Glacier in the United States

The Tahoma Glacier is a long glacier mostly on the western flank of Mount Rainier in Washington. It covers 1.2 sqmi and contains 4.3 e9ft3 of ice. The glacier starts out near the summit of the volcano at over 14200 ft. As the glacier flows west-southwest out of the summit area, it cascades down a steep rocky face as an icefall from 13200 ft to 11000 ft, where the glacier is connected to the South Mowich Glacier to the north in the Sunset Amphitheater. As the glacier drops below 10000 ft, it broadens and joins the smaller South Tahoma Glacier.

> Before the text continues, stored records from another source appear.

lemma vn_entropy_bounds:
  assumes X: "density n X"
  shows "0 \<le> vn_entropy X" "vn_entropy X \<le> real n"
proof -
  obtain as where pr: "proots (char_poly X) = mset as" and nn: "\<And>a. a \<in> set as \<Longrightarrow> 0 \<le> Re a"
    and sum: "(\<Sum>a\<leftarrow>as. Re a) = 1" and len: "length as = n"
    using density_eigenvalues[OF X] by blast
  have le1: "Re a \<le> 1" if "a \<in> set as" for a
    using member_le_sum_list[of "Re a" "map Re as"] that nn sum by auto
  have S: "vn_entropy X = (\<Sum>a\<leftarrow>as. - (Re a * ln (Re a)))"
    unfolding vn_entropy_def pr by (induction as) auto
  show "0 \<le> vn_entropy X"
    unfolding S using neg_mult_ln_bounds(1)[OF nn le1] by (intro sum_list_nonneg) auto
  have "(\<Sum>a\<leftarrow>as. - (Re a * ln (Re a))) \<le> (\<Sum>a\<leftarrow>as. 1)"
    using neg_mult_ln_bounds(2)[OF nn le1] by (intro sum_list_mono) auto
  then show "vn_entropy X \<le> real n" unfolding S using len by (simp add: sum_list_triv)
qed

section \<open>Partial traces and coherent information\<close>

definition selection_mat :: "nat \<Rightarrow> nat \<Rightarrow> (nat \<Rightarrow> nat) \<Rightarrow> complex mat" where
  "selection_mat p N s = mat p N (\<lambda>(i,x). if x = s i then 1 else 0)"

After the broad expanse of ice at over 8000 ft, the Tahoma Glacier narrows as it descends around the rocky 7690 ft Glacier Island, a sub-peak of Rainier once fully encircled by both the South Tahoma and Tahoma Glaciers. Leaving the bottleneck in the glacier, the glacier splits; the larger, longer northern arm continues flowing west-southwest and terminates at around 5500 ft. The southern arm flows south towards the arm of the South Tahoma Glacier, but this arm terminates before it rejoins the South Tahoma at 5700 ft. Meltwater from the glacier is the source of the South Puyallup River and Tahoma Creek, a tributary of the Nisqually River.